-------- Listed records
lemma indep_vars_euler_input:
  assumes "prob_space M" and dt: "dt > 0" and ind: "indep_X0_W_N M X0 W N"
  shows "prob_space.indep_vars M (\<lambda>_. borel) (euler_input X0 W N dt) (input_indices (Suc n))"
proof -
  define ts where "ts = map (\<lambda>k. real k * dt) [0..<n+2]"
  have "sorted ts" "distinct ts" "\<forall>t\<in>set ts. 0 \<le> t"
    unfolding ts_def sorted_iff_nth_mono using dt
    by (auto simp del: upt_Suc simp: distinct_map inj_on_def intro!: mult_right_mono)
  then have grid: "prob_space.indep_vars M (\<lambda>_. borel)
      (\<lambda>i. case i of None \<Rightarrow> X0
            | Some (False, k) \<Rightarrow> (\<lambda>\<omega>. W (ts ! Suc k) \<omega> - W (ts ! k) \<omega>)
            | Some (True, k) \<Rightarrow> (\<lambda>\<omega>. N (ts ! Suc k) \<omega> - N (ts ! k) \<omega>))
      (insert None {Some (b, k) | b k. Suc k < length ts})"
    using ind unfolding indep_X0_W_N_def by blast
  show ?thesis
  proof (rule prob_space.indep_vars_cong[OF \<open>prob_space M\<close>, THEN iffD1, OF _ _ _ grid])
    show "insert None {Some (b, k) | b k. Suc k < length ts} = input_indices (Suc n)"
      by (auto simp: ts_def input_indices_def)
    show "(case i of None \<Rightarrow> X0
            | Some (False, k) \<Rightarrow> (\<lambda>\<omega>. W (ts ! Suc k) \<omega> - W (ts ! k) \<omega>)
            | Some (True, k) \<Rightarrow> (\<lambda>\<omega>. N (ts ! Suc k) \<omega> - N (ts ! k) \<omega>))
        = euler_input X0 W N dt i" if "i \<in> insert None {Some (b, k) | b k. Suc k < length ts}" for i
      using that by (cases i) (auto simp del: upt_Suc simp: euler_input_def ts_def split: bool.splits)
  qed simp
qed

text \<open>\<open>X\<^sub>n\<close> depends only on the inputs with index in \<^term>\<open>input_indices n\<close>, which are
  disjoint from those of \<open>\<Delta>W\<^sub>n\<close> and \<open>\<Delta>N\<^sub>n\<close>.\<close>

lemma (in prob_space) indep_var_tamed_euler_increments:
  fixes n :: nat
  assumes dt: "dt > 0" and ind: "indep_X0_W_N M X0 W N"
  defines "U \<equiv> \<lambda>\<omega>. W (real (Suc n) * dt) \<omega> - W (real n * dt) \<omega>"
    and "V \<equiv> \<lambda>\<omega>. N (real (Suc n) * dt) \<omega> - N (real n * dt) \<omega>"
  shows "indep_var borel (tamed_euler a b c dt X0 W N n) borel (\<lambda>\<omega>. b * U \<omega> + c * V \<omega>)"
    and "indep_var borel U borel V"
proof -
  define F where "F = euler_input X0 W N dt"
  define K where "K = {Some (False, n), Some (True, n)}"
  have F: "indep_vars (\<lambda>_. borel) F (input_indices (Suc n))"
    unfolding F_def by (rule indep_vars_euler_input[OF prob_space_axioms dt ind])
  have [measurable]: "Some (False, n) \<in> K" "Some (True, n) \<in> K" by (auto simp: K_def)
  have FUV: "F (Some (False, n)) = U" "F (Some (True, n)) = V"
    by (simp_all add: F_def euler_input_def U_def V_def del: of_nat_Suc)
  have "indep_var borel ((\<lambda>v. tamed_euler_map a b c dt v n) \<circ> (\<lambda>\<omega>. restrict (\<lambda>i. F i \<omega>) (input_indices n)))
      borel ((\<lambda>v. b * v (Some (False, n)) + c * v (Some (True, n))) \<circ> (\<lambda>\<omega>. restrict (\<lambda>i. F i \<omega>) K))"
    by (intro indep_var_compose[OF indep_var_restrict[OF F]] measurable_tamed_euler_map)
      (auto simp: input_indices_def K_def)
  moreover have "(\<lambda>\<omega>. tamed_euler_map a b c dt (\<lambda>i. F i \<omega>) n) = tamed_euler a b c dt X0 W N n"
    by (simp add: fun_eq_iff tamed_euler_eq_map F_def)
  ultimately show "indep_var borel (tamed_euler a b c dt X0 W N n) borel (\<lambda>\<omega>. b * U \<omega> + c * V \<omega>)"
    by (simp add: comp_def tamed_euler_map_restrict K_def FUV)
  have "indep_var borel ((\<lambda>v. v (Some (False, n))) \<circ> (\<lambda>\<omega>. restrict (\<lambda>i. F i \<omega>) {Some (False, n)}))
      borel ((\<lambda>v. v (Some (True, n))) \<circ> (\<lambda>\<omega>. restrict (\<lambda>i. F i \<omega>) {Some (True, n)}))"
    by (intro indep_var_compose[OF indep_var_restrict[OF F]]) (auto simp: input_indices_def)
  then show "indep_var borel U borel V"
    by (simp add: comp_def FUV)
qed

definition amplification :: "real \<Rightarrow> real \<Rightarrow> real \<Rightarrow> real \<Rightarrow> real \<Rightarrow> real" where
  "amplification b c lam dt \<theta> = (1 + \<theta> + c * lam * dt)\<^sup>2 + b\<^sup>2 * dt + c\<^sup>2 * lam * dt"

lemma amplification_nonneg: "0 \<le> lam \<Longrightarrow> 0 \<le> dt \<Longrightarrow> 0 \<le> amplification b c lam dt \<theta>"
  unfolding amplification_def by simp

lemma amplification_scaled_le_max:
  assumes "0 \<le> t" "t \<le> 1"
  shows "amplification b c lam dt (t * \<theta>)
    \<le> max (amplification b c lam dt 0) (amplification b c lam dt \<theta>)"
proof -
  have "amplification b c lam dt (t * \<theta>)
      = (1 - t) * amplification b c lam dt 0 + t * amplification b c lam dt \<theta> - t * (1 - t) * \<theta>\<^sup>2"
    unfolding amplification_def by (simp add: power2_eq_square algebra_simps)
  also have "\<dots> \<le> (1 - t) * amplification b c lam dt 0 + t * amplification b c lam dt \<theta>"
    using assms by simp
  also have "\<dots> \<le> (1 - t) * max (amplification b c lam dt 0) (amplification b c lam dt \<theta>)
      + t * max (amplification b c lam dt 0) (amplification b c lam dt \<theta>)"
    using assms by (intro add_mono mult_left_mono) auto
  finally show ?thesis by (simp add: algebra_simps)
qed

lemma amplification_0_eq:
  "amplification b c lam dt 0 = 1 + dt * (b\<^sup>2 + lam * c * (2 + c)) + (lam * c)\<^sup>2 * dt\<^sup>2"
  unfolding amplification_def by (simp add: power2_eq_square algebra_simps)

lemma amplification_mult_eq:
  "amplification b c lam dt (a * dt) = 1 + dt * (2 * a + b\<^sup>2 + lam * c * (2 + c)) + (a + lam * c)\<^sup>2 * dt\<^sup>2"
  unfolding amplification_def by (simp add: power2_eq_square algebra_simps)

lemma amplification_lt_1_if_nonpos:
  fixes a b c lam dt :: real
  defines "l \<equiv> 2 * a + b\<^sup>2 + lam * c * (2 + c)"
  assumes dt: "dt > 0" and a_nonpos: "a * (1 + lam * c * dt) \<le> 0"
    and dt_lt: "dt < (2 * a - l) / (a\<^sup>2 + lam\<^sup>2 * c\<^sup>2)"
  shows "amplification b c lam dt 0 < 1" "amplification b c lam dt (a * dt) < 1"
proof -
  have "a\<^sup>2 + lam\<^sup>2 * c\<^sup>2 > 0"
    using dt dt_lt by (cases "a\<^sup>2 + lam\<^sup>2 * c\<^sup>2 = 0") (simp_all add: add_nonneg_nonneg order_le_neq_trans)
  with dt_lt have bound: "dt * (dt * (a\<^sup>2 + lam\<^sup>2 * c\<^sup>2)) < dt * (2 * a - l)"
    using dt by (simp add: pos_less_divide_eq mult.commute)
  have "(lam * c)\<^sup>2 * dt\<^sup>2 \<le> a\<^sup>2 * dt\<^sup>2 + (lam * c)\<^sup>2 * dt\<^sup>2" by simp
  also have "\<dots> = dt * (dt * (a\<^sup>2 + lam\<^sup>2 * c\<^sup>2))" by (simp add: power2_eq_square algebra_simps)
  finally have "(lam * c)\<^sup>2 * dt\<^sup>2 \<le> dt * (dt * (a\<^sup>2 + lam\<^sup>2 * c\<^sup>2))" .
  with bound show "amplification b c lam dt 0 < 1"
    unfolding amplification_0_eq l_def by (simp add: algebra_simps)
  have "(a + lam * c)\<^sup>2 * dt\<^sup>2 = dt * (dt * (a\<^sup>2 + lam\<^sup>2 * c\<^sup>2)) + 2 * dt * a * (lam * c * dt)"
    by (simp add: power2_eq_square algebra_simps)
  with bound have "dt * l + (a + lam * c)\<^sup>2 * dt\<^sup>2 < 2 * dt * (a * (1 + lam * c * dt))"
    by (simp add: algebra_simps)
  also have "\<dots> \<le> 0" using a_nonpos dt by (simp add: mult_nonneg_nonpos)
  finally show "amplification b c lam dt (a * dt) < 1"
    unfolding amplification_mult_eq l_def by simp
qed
----------------
-------- Listed records
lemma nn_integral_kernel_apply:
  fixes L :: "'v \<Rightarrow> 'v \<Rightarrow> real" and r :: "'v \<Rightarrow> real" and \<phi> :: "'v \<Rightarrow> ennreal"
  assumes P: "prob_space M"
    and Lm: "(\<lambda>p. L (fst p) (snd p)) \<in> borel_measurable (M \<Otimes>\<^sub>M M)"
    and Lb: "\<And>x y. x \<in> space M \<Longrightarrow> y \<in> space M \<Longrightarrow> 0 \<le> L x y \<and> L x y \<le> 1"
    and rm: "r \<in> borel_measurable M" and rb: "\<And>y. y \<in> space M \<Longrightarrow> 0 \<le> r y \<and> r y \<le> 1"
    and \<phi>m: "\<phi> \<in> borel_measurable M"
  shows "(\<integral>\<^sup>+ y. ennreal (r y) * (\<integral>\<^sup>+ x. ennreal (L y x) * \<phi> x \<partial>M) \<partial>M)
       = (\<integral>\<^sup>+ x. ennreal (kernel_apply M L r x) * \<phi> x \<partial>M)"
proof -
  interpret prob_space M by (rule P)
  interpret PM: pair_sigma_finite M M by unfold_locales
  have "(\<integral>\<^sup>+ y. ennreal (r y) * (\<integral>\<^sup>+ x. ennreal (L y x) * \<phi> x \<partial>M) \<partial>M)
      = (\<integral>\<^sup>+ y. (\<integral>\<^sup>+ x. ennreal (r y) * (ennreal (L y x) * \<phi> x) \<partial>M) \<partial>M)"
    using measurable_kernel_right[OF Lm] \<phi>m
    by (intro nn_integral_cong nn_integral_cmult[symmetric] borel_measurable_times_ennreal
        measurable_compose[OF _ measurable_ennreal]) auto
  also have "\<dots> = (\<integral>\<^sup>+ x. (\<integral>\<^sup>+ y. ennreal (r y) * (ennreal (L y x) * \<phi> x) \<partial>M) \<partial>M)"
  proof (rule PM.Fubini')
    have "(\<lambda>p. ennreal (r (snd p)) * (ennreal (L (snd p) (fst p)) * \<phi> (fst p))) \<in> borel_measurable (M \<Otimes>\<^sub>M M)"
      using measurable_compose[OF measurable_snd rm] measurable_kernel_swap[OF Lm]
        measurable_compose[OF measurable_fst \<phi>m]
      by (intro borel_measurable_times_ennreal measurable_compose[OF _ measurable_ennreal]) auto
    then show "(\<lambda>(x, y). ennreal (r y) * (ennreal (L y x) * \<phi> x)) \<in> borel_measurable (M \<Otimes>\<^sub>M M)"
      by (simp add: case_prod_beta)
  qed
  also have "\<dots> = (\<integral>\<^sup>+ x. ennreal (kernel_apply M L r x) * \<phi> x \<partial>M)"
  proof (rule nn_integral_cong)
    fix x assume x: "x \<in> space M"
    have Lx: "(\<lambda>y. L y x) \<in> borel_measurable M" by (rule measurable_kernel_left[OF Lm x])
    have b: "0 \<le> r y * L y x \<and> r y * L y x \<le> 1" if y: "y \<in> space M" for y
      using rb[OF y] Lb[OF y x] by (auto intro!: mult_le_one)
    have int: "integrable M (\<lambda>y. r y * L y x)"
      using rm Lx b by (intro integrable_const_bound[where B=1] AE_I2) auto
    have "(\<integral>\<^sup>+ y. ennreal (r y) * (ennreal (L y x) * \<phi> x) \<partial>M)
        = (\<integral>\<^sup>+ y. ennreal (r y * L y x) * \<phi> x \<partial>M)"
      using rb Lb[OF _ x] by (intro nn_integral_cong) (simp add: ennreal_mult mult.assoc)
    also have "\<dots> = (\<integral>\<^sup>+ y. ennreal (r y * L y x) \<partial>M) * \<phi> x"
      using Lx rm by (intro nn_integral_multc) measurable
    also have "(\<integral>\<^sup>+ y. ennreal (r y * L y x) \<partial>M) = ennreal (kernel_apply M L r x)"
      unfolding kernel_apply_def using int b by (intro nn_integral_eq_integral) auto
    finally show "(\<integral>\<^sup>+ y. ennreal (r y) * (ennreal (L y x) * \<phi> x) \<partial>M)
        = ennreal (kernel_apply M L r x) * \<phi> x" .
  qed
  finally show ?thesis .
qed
----------------
* Instructions for the task:
Look through the entries and return every line where "close" appears.

* Answer below:
  proof (rule prob_space.indep_vars_cong[OF \<open>prob_space M\<close>, THEN iffD1, OF _ _ _ grid])
text \<open>\<open>X\<^sub>n\<close> depends only on the inputs with index in \<^term>\<open>input_indices n\<close>, which are
  disjoint from those of \<open>\<Delta>W\<^sub>n\<close> and \<open>\<Delta>N\<^sub>n\<close>.\<close>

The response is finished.